不散今兒對陶雲那是一丁點兒耐心都沒有,陶雲心想為了柳姨娘那點事兒至於嗎?

如今的北平,去人家做客,上茶上煙上點心是必備的待客之禮,不上杆煙槍那叫失禮。也不知這耿府的人咋就如此古板守舊,自個兒土的掉渣,還不許別人迎合時興的做派?
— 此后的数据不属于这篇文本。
(* Let $\Sigma$ be an infinite alphabet and let $\mathcal{F}$ be a finite automaton over $\Sigma$ (finitely many states and finitely many transitions, each labelled by a letter of $\Sigma$). Then there exists a GVA $\mathcal{A}$ over $\Sigma$ such that $L(\mathcal{A})=\Sigma^{\star}\setminus L(\mathcal{F})$. That is, the complement of a regular language over $\Sigma$ is GVA-recognizable.
   Context: Fix an infinite alphabet $\Sigma$. A guard over a set of variables $\mathcal{X}$ (disjoint from $\Sigma$) is built by the grammar $g ::= \mathit{true} \mid \alpha=\beta \mid \alpha\neq\beta \mid g\wedge g$ with $\alpha,\beta\in\Sigma\cup\mathcal{X}$. A GVA is a tuple $\mathcal{A}=\langle\Sigma,\mathcal{X},Q,Q_0,\delta,F,\kappa\rangle$ where $\mathcal{X}$ is a finite set of variables, $Q$ a finite set of states, $Q_0\subseteq Q$ the initial states, $F\subseteq Q$ the accepting states, $\delta$ a finite set of transitions $q\xrightarrow{\alpha,g}q'$ with $q,q'\in Q$, $\alpha\in\Sigma\cup\mathcal{X}\cup\{\varepsilon\}$ and $g$ a guard, and $\kappa:\mathcal{X}\to 2^{Q}$ the refreshing function ($\kappa(x)$ is the set of states in which $x$ is freed). A configuration is a pair $(\sigma,q)$ with $q\in Q$ and $\sigma$ a partial map $\mathcal{X}\to\Sigma$. There is a step $(\sigma,q)\xrightarrow{a}(\sigma',q')$, $a\in\Sigma\cup\{\varepsilon\}$, if there is a transition $q\xrightarrow{\alpha,g}q'$ and a map $\gamma$ from the variables occurring in $\alpha$ or $g$ that are not in $\mathrm{dom}(\sigma)$ to $\Sigma$ such that, with $\rho=\sigma\uplus\gamma$ (extended to be the identity on letters), $\rho$ satisfies $g$, $a=\rho(\alpha)$ if $\alpha\neq\varepsilon$ and $a=\varepsilon$ if $\alpha=\varepsilon$, and $\sigma'$ is the restriction of $\rho$ to $\{x\in\mathrm{dom}(\rho) : q'\notin\kappa(x)\}$. A word $w\in\Sigma^{\star}$ is accepted if there is a sequence of steps from $(\emptyset,q_0)$ with $q_0\in Q_0$ to some $(\sigma,q_f)$ with $q_f\in F$ whose labels concatenate to $w$; $L(\mathcal{A})$ is the set of accepted words. *)

theory Defs
  imports Main
begin

text \<open>Letters and variables: the alphabet is a type 's, variables a type 'x;
  the datatype below keeps them disjoint (Sigma union X).\<close>
datatype ('s,'x) sym = Let 's | Var 'x

datatype ('s,'x) guard =
    GTrue
  | GEq "('s,'x) sym" "('s,'x) sym"
  | GNeq "('s,'x) sym" "('s,'x) sym"
  | GAnd "('s,'x) guard" "('s,'x) guard"

fun sym_vars :: "('s,'x) sym \<Rightarrow> 'x set" where
  "sym_vars (Let a) = {}"
| "sym_vars (Var x) = {x}"

fun guard_vars :: "('s,'x) guard \<Rightarrow> 'x set" where
  "guard_vars GTrue = {}"
| "guard_vars (GEq a b) = sym_vars a \<union> sym_vars b"
| "guard_vars (GNeq a b) = sym_vars a \<union> sym_vars b"
| "guard_vars (GAnd g h) = guard_vars g \<union> guard_vars h"

text \<open>Transition label: None = epsilon.\<close>
definition lbl_vars :: "('s,'x) sym option \<Rightarrow> 'x set" where
  "lbl_vars al = (case al of None \<Rightarrow> {} | Some a \<Rightarrow> sym_vars a)"

fun sym_eval :: "('x \<Rightarrow> 's) \<Rightarrow> ('s,'x) sym \<Rightarrow> 's" where
  "sym_eval v (Let a) = a"
| "sym_eval v (Var x) = v x"

fun guard_sat :: "('x \<Rightarrow> 's) \<Rightarrow> ('s,'x) guard \<Rightarrow> bool" where
  "guard_sat v GTrue = True"
| "guard_sat v (GEq a b) = (sym_eval v a = sym_eval v b)"
| "guard_sat v (GNeq a b) = (sym_eval v a \<noteq> sym_eval v b)"
| "guard_sat v (GAnd g h) = (guard_sat v g \<and> guard_sat v h)"

record ('s,'x,'q) gva =
  gX     :: "'x set"
  gQ     :: "'q set"
  gQ0    :: "'q set"
  gDelta :: "('q \<times> ('s,'x) sym option \<times> ('s,'x) guard \<times> 'q) set"
  gF     :: "'q set"
  gKappa :: "'x \<Rightarrow> 'q set"

definition is_gva :: "('s,'x,'q) gva \<Rightarrow> bool" where
  "is_gva A \<longleftrightarrow> finite (gX A) \<and> finite (gQ A) \<and> gQ0 A \<subseteq> gQ A \<and> gF A \<subseteq> gQ A
     \<and> finite (gDelta A)
     \<and> (\<forall>(q,al,g,q') \<in> gDelta A. q \<in> gQ A \<and> q' \<in> gQ A
            \<and> lbl_vars al \<subseteq> gX A \<and> guard_vars g \<subseteq> gX A)
     \<and> (\<forall>x \<in> gX A. gKappa A x \<subseteq> gQ A)"

text \<open>One step (sigma,q) --a--> (sigma',q'), a = None meaning epsilon.
  gamma is a map on exactly the variables of alpha and g outside dom sigma;
  rho = sigma ++ gamma (total version obtained by applying `the`, only used on dom rho).\<close>
definition gva_step :: "('s,'x,'q) gva \<Rightarrow> ('x \<rightharpoonup> 's) \<times> 'q \<Rightarrow> 's option
      \<Rightarrow> ('x \<rightharpoonup> 's) \<times> 'q \<Rightarrow> bool" where
  "gva_step A c a c' \<longleftrightarrow> (case c of (\<sigma>, q) \<Rightarrow> case c' of (\<sigma>', q') \<Rightarrow>
     (\<exists>al g \<gamma>. (q, al, g, q') \<in> gDelta A
        \<and> dom \<gamma> = (lbl_vars al \<union> guard_vars g) - dom \<sigma>
        \<and> (let \<rho> = \<sigma> ++ \<gamma>; v = (\<lambda>x. the (\<rho> x)) in
             guard_sat v g
           \<and> a = map_option (sym_eval v) al
           \<and> \<sigma>' = \<rho> |` {x \<in> dom \<rho>. q' \<notin> gKappa A x})))"

inductive gva_run :: "('s,'x,'q) gva \<Rightarrow> ('x \<rightharpoonup> 's) \<times> 'q \<Rightarrow> 's list
      \<Rightarrow> ('x \<rightharpoonup> 's) \<times> 'q \<Rightarrow> bool" for A where
  run_refl: "gva_run A c [] c"
| run_step: "gva_step A c a c' \<Longrightarrow> gva_run A c' w c''
     \<Longrightarrow> gva_run A c ((case a of None \<Rightarrow> [] | Some b \<Rightarrow> [b]) @ w) c''"

definition gva_lang :: "('s,'x,'q) gva \<Rightarrow> 's list set" where
  "gva_lang A = {w. \<exists>q0 \<in> gQ0 A. \<exists>\<sigma> qf. qf \<in> gF A
                   \<and> gva_run A (Map.empty, q0) w (\<sigma>, qf)}"

record ('s,'q) fa =
  fQ     :: "'q set"
  fQ0    :: "'q set"
  fDelta :: "('q \<times> 's \<times> 'q) set"
  fF     :: "'q set"

definition is_fa :: "('s,'q) fa \<Rightarrow> bool" where
  "is_fa M \<longleftrightarrow> finite (fQ M) \<and> finite (fDelta M) \<and> fQ0 M \<subseteq> fQ M \<and> fF M \<subseteq> fQ M
     \<and> (\<forall>(q,a,q') \<in> fDelta M. q \<in> fQ M \<and> q' \<in> fQ M)"

inductive fa_run :: "('s,'q) fa \<Rightarrow> 'q \<Rightarrow> 's list \<Rightarrow> 'q \<Rightarrow> bool" for M where
  fa_refl: "fa_run M q [] q"
| fa_step: "(q, a, q') \<in> fDelta M \<Longrightarrow> fa_run M q' w q'' \<Longrightarrow> fa_run M q (a # w) q''"

definition fa_lang :: "('s,'q) fa \<Rightarrow> 's list set" where
  "fa_lang M = {w. \<exists>q0 \<in> fQ0 M. \<exists>qf \<in> fF M. fa_run M q0 w qf}"

end

theory Submission
  imports Defs
begin

text \<open>Determinise the finite automaton by the subset construction and complement the set of
  accepting subsets. The resulting DFA only reads the finitely many letters occurring in
  transitions of the automaton; every other letter is handled by one extra transition per subset
  that binds a variable to the letter, guarded by disequalities with all known letters, and leads
  to the empty subset. Since the variable is freed in every state, no valuation ever survives a
  step, so the GVA behaves exactly like the complemented DFA.\<close>

definition fa_succs :: "('s,'q) fa \<Rightarrow> 'q set \<Rightarrow> 's \<Rightarrow> 'q set" where
  "fa_succs M S c = {q'. \<exists>q\<in>S. (q, c, q') \<in> fDelta M}"

fun fa_reach :: "('s,'q) fa \<Rightarrow> 'q set \<Rightarrow> 's list \<Rightarrow> 'q set" where
  "fa_reach M S [] = S"
| "fa_reach M S (c # w) = fa_reach M (fa_succs M S c) w"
陶雲這口氣到底憋的難受,頂著豬頭羞憤難當回到家,家裡一陣兵荒馬亂,除了驚詫,就是吆三喝四的罵街,當然是擱自個兒家肆無忌憚的罵街,都沒敢提出上耿府門口罵去。

陶雲聽著心煩,讓煮了雞蛋獨自躺床上敷臉。

兩天後陶雲的臉好多了,至少打眼一瞧,嗯,是個女人。

陶雲心思自個兒跟雲子算是有些交情,找找她,說不準這口氣能出。

一個陽光明媚的下午,陶雲已經恢復成那個眉清目秀的女子。

陶雲進不了憲兵隊,轉而去了特高課特務處的紅樓,要說陶雲運氣不錯。

今兒雲子正好在特務處。

門衛打電話給王處長,有一個漂亮的女人要見課長。

王處長走到窗前瞧見特務處大門口神色焦急的陶雲。

王處長抬起嘴角,前幾天煙館那事兒傳的挺邪乎,陶小姐可是受害者。

嗯,腦子不錯,知道找誰?

王處長倒是想瞧瞧那日本娘們會如何?

要說煙館那事兒沒有耿輕寒的手筆,打死王處長也不信。

王處長抬腳去了雲子辦公室。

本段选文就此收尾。